**PROBLEM TO SOLVE**
Consider the listing below. Extract exactly the lines from the line containing "set set \<Rightarrow>" to the line containing "K \<longleftrightarrow> finite", both included.

**RECORDS SUPPLIED**
(* Let $K$ be a simplicial complex and let $\overrightarrow{W}$ be a Morse sequence on $K$. Then there exists exactly one reference map for $\overrightarrow{W}$ and exactly one coreference map for $\overrightarrow{W}$.
   Context: A simplicial complex $K$ is a finite collection of non-empty finite sets such that every non-empty subset of a member of $K$ is also in $K$; its members are called simplices (or faces), $\dim\sigma=|\sigma|-1$, $K^{(p)}$ denotes the set of $p$-dimensional simplices, and a facet is a simplex maximal for inclusion. A pair $(\sigma,\tau)$ of simplices of $K$ with $\sigma\subsetneq\tau$ is a free pair for $K$ if $\tau$ is the only simplex of $K$ other than $\sigma$ that contains $\sigma$ (so $\tau$ is a facet and $\dim\tau=\dim\sigma+1$); then $K$ is an elementary expansion of $K\setminus\{\sigma,\tau\}$. If $\nu$ is a facet of $K$, then $K$ is an elementary filling of $K\setminus\{\nu\}$. A Morse sequence on $K$ is a sequence $\overrightarrow{W}=\langle \emptyset=K_0,K_1,\dots,K_k=K\rangle$ of simplicial complexes such that each $K_i$ is an elementary expansion or an elementary filling of $K_{i-1}$. If $K_i=K_{i-1}\cup\{\nu\}$ is a filling, $\nu$ is called critical; if $K_i=K_{i-1}\cup\{\sigma,\tau\}$ is an expansion with $\sigma\subset\tau$, then $(\sigma,\tau)$ is a regular pair, $\sigma$ is lower regular and $\tau$ is upper regular. Let $\widehat{W}$ be the set of critical simplices. Chains mod 2: $K[p]$ is the set of all subsets of $K^{(p)}$, a vector space over $\mathbb{Z}_2$ with symmetric difference as addition, the empty chain written $0$; $\widehat{W}[p]=\{c\in K[p]: c\subseteq \widehat W\}$. For $\sigma\in K^{(p)}$, $\partial(\sigma)=\{\tau\in K^{(p-1)}:\tau\subset\sigma\}$ and $\delta(\sigma)=\{\tau\in K^{(p+1)}:\sigma\subset\tau\}$. A frame on $\overrightarrow{W}$ is a map $\Upsilon$ assigning to each $\nu\in K^{(p)}$ an element $\Upsilon(\nu)\in\widehat W[p]$; it is extended linearly to chains by $\Upsilon(c)=\sum_{\nu\in c}\Upsilon(\nu)$ (sum mod 2). A frame $\curlywedge$ is a reference map for $\overrightarrow{W}$ if $\curlywedge(\nu)=\{\nu\}$ for every critical $\nu$ and, for every upper regular $\tau$, $\curlywedge(\tau)=0$ and $\curlywedge(\partial(\tau))=0$. A frame $\curlyvee$ is a coreference map for $\overrightarrow{W}$ if $\curlyvee(\nu)=\{\nu\}$ for every critical $\nu$ and, for every lower regular $\sigma$, $\curlyvee(\sigma)=0$ and $\curlyvee(\delta(\sigma))=0$. *)

theory Defs
  imports Main
begin

definition simplicial_complex :: "'a set set \<Rightarrow> bool" where
  "simplicial_complex K \<longleftrightarrow> finite K \<and> (\<forall>\<sigma>\<in>K. finite \<sigma> \<and> \<sigma> \<noteq> {}) \<and>
     (\<forall>\<sigma>\<in>K. \<forall>\<tau>. \<tau> \<noteq> {} \<and> \<tau> \<subseteq> \<sigma> \<longrightarrow> \<tau> \<in> K)"

definition dim :: "'a set \<Rightarrow> nat" where "dim \<sigma> = card \<sigma> - 1"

**ANSWER SPACE**
definition simplicial_complex :: "'a set set \<Rightarrow> bool" where
  "simplicial_complex K \<longleftrightarrow> finite K \<and> (\<forall>\<sigma>\<in>K. finite \<sigma> \<and> \<sigma> \<noteq> {}) \<and>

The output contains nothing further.